Types of Parallelization

Parallelization comes in a variety of ``grains.'' By ``grain,'' we mean that scale of the problem that is parallelized. One extreme is illustrated by spectral-line processing. In this case, individual channels are totally independent, thus, each can be sent to a separate processor for computation. Because there is no communication between processors, communication overhead is negligible and the speed-up is nearly linear with the number of processors. This type of parallelization is easy for the programmer to implement, because the Glish interface of AIPS++ can control the spawning of processes in a parallel way. No low-level optimization is required. Problems in this category are called ``embarrassingly parallel'' (EP).
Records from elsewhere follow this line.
(* Let $A, B\in\mathbb{C}^{n\times n}$ and $D\in\mathbb{C}^{k\times k}$ be Hermitian with $B$ positive definite. Let $\lambda_1\le\lambda_2\le\cdots\le\lambda_n$ be the eigenvalues of the pencil $A-\lambda B$, with $U\in\mathbb{C}^{n\times n}$ such that $U^{\mathrm{H}}AU=\operatorname{diag}(\lambda_1,\ldots,\lambda_n)$ and $U^{\mathrm{H}}BU=I_n$. Let $Q\in\mathbb{C}^{k\times k}$ be unitary with $Q^{\mathrm{H}}DQ=\Omega=\operatorname{diag}(\omega_1,\ldots,\omega_k)$, where $\omega_1\ge\cdots\ge\omega_\ell\ge 0\ge\omega_{\ell+1}\ge\cdots\ge\omega_k$ for some $0\le \ell\le k$. Then $$\min_{X\in\mathbb{C}^{n\times k},\,X^{\mathrm{H}}BX=I_k}\operatorname{trace}(DX^{\mathrm{H}}AX)=\sum_{i=1}^{\ell}\omega_i\lambda_i+\sum_{i=\ell+1}^k\omega_i\lambda_{i+n-k}.$$ Furthermore, any minimizer $X_{\mathrm{opt}}$ satisfies: (a) If $D$ is nonsingular, then $\mathcal{R}(X_{\mathrm{opt}}Q)$ is the eigenspace of $A-\lambda B$ associated with its $\ell$ smallest and $k-\ell$ largest eigenvalues. If moreover all $\omega_i$ are distinct, then $(X_{\mathrm{opt}}Q)^{\mathrm{H}}AX_{\mathrm{opt}}Q=\operatorname{diag}(\lambda_1,\ldots,\lambda_\ell,\lambda_{n-k+\ell+1},\ldots,\lambda_n)$. (b) Suppose $D$ (possibly singular) has $\ell_+$ positive and $\ell_-$ negative eigenvalues, and let $\widehat Q\in\mathbb{C}^{k\times(\ell_++\ell_-)}$ consist of the first $\ell_+$ and last $\ell_-$ columns of $Q$. Then $\mathcal{R}(X_{\mathrm{opt}}\widehat Q)$ is the eigenspace of $A-\lambda B$ associated with its $\ell_+$ smallest and $\ell_-$ largest eigenvalues. If moreover the nonzero eigenvalues of $D$ are distinct, then $(X_{\mathrm{opt}}\widehat Q)^{\mathrm{H}}AX_{\mathrm{opt}}\widehat Q=\operatorname{diag}(\lambda_1,\ldots,\lambda_{\ell_+},\lambda_{n-\ell_-+1},\ldots,\lambda_n)$.
   Context: $X^{\mathrm{H}}$ denotes conjugate transpose, $\mathcal{R}(\cdot)$ the column space (range), and $k\le n$. "Eigenspace associated with a set of eigenvalues" means the subspace spanned by eigenvectors $u$ ($Au=\lambda Bu$) of the pencil corresponding to those eigenvalues. *)

theory Defs
  imports "Jordan_Normal_Form.Schur_Decomposition"
begin

text \<open>Conjugate transpose is the library's mat_adjoint (dimensions swapped).\<close>

definition mtrace :: "complex mat \<Rightarrow> complex" where
  "mtrace M = (\<Sum>i<dim_row M. M $$ (i, i))"

definition hermitian_mat :: "nat \<Rightarrow> complex mat \<Rightarrow> bool" where
  "hermitian_mat n M \<longleftrightarrow> M \<in> carrier_mat n n \<and> mat_adjoint M = M"

definition pos_def_mat :: "nat \<Rightarrow> complex mat \<Rightarrow> bool" where
  "pos_def_mat n M \<longleftrightarrow> hermitian_mat n M \<and>
     (\<forall>x \<in> carrier_vec n. x \<noteq> 0\<^sub>v n \<longrightarrow>
        conjugate x \<bullet> (M *\<^sub>v x) \<in> \<real> \<and> Re (conjugate x \<bullet> (M *\<^sub>v x)) > 0)"

definition unitary_mat :: "nat \<Rightarrow> complex mat \<Rightarrow> bool" where
  "unitary_mat k Q \<longleftrightarrow> Q \<in> carrier_mat k k \<and> mat_adjoint Q * Q = 1\<^sub>m k"

definition diagm :: "nat \<Rightarrow> (nat \<Rightarrow> real) \<Rightarrow> complex mat" where
  "diagm k f = mat k k (\<lambda>(i, j). if i = j then complex_of_real (f i) else 0)"

definition colspace :: "complex mat \<Rightarrow> complex vec set" where
  "colspace M = {M *\<^sub>v y | y. y \<in> carrier_vec (dim_col M)}"

text \<open>S is the eigenspace of the pencil A - lambda B (A, B of size n) associated
  with the eigenvalues mu 0, ..., mu (m-1) (counted with multiplicity): S is spanned by
  m (B-orthonormal, hence linearly independent) eigenvectors v_j with A v_j = mu_j B v_j.\<close>
definition pencil_eigenspace ::
  "nat \<Rightarrow> complex mat \<Rightarrow> complex mat \<Rightarrow> nat \<Rightarrow> (nat \<Rightarrow> real) \<Rightarrow> complex vec set \<Rightarrow> bool" where
  "pencil_eigenspace n A B m mu S \<longleftrightarrow>
     (\<exists>V \<in> carrier_mat n m. mat_adjoint V * B * V = 1\<^sub>m m \<and>
        A * V = B * V * diagm m mu \<and> colspace V = S)"

definition first_last_cols :: "nat \<Rightarrow> nat \<Rightarrow> complex mat \<Rightarrow> complex mat" where
  "first_last_cols p q Q = mat (dim_row Q) (p + q)
     (\<lambda>(i, j). if j < p then Q $$ (i, j) else Q $$ (i, j + dim_col Q - (p + q)))"

end

theory Submission
  imports Defs
begin

(* With Z = U^H B X Q the constraint becomes Z^H Z = I and the objective becomes
   sum_j omega_j sum_i lambda_i |Z_ij|^2, a weighted sum of averages of the sorted lambda_i
   against the columns of the substochastic matrix (|Z_ij|^2).  Only the columns with nonzero
   weight matter; Abel summation over the positive weights, and over the negative ones after
   reversing the spectrum, reduces the bound to sum_{j<m} lambda_j <= sum_{j<m} (average of
   column j), which holds because the first m columns put total mass m on rows of mass at most 1.
   Equality forces each row of the relevant block of Z to carry full mass strictly below the
   threshold eigenvalue and none strictly above it.  Hence the projection Z Z^H does not mix
   eigenspaces of diag(lambda), and a greedy Gram-Schmidt construction, guided by the trace of
   the projection on each eigenspace, gives an orthonormal basis of its range made of
   eigenvectors with the extreme eigenvalues.  For distinct nonzero weights the equality cases
   of the individual partial sums show that Z itself consists of such eigenvectors. *)

lemma index_mult_mat_sum:
  fixes A B :: "'a :: semiring_0 mat"
  assumes "i < dim_row A" "j < dim_col B" "dim_col A = dim_row B"
  shows "(A * B) $$ (i, j) = (\<Sum>m<dim_row B. A $$ (i, m) * B $$ (m, j))"
  using assms by (auto simp: scalar_prod_def atLeast0LessThan intro!: sum.cong)

lemma mat_adjoint_dims [simp]:
  "dim_row (mat_adjoint M) = dim_col M" "dim_col (mat_adjoint M) = dim_row M"
  unfolding mat_adjoint_def by auto

lemma mat_adjoint_carrier: "M \<in> carrier_mat a b \<Longrightarrow> mat_adjoint M \<in> carrier_mat b a"
  by auto

lemma index_mat_adjoint [simp]:
  "i < dim_col M \<Longrightarrow> j < dim_row M \<Longrightarrow> mat_adjoint M $$ (i, j) = conjugate (M $$ (j, i))"
  unfolding mat_adjoint_def by (simp add: mat_of_rows_def)

lemma mat_adjoint_adjoint [simp]: "mat_adjoint (mat_adjoint M) = M"
  by (rule eq_matI) auto

lemma mat_adjoint_one [simp]: "mat_adjoint (1\<^sub>m n :: complex mat) = 1\<^sub>m n"
  by (rule eq_matI) (auto simp: one_mat_def)

lemma mat_adjoint_mult:
  fixes A B :: "'a :: conjugatable_field mat"
  assumes "A \<in> carrier_mat n m" "B \<in> carrier_mat m k"
  shows "mat_adjoint (A * B) = mat_adjoint B * mat_adjoint A"
  by (rule eq_matI)
    (use assms in \<open>auto simp: index_mult_mat_sum sum_conjugate conjugate_dist_mul mult.commute
       simp del: index_mult_mat(1)\<close>)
However, many problems are not independent at a large scale and may have complex dependencies that prevent simple Glish-level parallelism. For many such problems, it is possible to identify low-level routines, such as FFT's, that carry out the majority of the computations. In these cases, the computationally intensive parts of the code can be designed to call extrinsic Fortran subroutines or libraries. These Fortran routines can be written to take advantage of parallel architectures at a low level. This type of parallelization is called ``fine-grain parallelization.''

A third category is particularly difficult, in which the large-scale problem is not separable into independent processes and computational time is not spent in parallelizable low-level functions.
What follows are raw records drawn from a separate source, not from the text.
lemma dominated_sum_eq_mult_exp:
  fixes f g :: "'a::topological_space \<Rightarrow> complex"
  assumes cont_f: "continuous_on S f" and cont_g: "continuous_on S g"
    and dominated: "\<And>z. z \<in> S \<Longrightarrow> norm (g z) < norm (f z)"
  obtains h where "continuous_on S h" "\<And>z. z \<in> S \<Longrightarrow> f z + g z = f z * exp (h z)"
proof
  have f_nonzero: "f z \<noteq> 0" if "z \<in> S" for z
    using dominated[OF that] by auto
  have right_half_plane: "Re (1 + g z / f z) > 0" if "z \<in> S" for z
  proof -
    have "norm (g z / f z) < 1"
      using dominated[OF that] f_nonzero[OF that] by (simp add: norm_divide divide_less_eq)
    then show ?thesis
      using abs_Re_le_cmod[of "g z / f z"] by simp
  qed
  then have not_nonpos: "1 + g z / f z \<notin> \<real>\<^sub>\<le>\<^sub>0" if "z \<in> S" for z
    using that by (metis Re_complex_of_real nonpos_Reals_cases not_le)
  show "continuous_on S (\<lambda>z. Ln (1 + g z / f z))"
    using f_nonzero not_nonpos by (intro continuous_intros cont_f cont_g) auto
  show "f z + g z = f z * exp (Ln (1 + g z / f z))" if "z \<in> S" for z
  proof -
    have "1 + g z / f z \<noteq> 0"
      using right_half_plane[OF that] by (metis less_irrefl zero_complex.sel(1))
    then show ?thesis
      using f_nonzero[OF that] by (simp add: field_simps)
  qed
qed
Embarrassingly Parallel Problems

For these problems, existing C++ code will be used whenever possible. A high level Glish wrapper will manage the execution of each code on the subsections of data. This may include some estimation of execution time and overhead for distribution of data and recombination. Ideally, this estimation should also take into account the size of the data relative to the local memory available on each processor. When estimates suggest negligible speed up, the user should be queried before execution. The long-term goal should include execution on heterogeneous machines, but this can be added after parallelization of a single machine is completed. Because the system calls to execute a process on a specific processor may be machine dependent, some of the Glish internals may need to be slightly changed for machine-specific commands. Also, the commands that are sent from Glish should turn off the fine-grain parallelization (by setting the number of threads to zero), so that fine-grain and embarrassingly parallel executions are not competing with each other. For EP problems, the large speed-up is achieved at a relatively low programmer cost.

Fine-Grain Parallel Problems

The High Performance Fortran (HPF) standard is fairly concrete now. The standard is an extension of Fortran 90 and includes a preprocessor that rewrites the input code to execute in a Single-Instruction-Multiple-Data (SIMD) parallelism. Thus, after parallelism, the same instruction is sent to all processors and the compiler divides the data across the processors. This is effectively parallelizing Fortran DO loops. Any Fortran 90 code can be compiled by an HPF compiler and conversely HPF code should compile under Fortran 90 compilers. The HPF compiler attempts to determine the independent loops and distribute data in an optimum way. HPF includes compiler directives that can force the compiler to recognize loops as independent and can force particular distribution of data across processors to mitigate slow transfers from global to local memory. Also included are pre-tuned routines for some common applications, such as FFT's. Several vendors currently have HPF compilers. The Portland Group offers compilers for a variety of platforms, from Silicon Graphics to Sun Sparcstations. Many hardware vendors are developing their own HPF compilers, such as DEC and IBM.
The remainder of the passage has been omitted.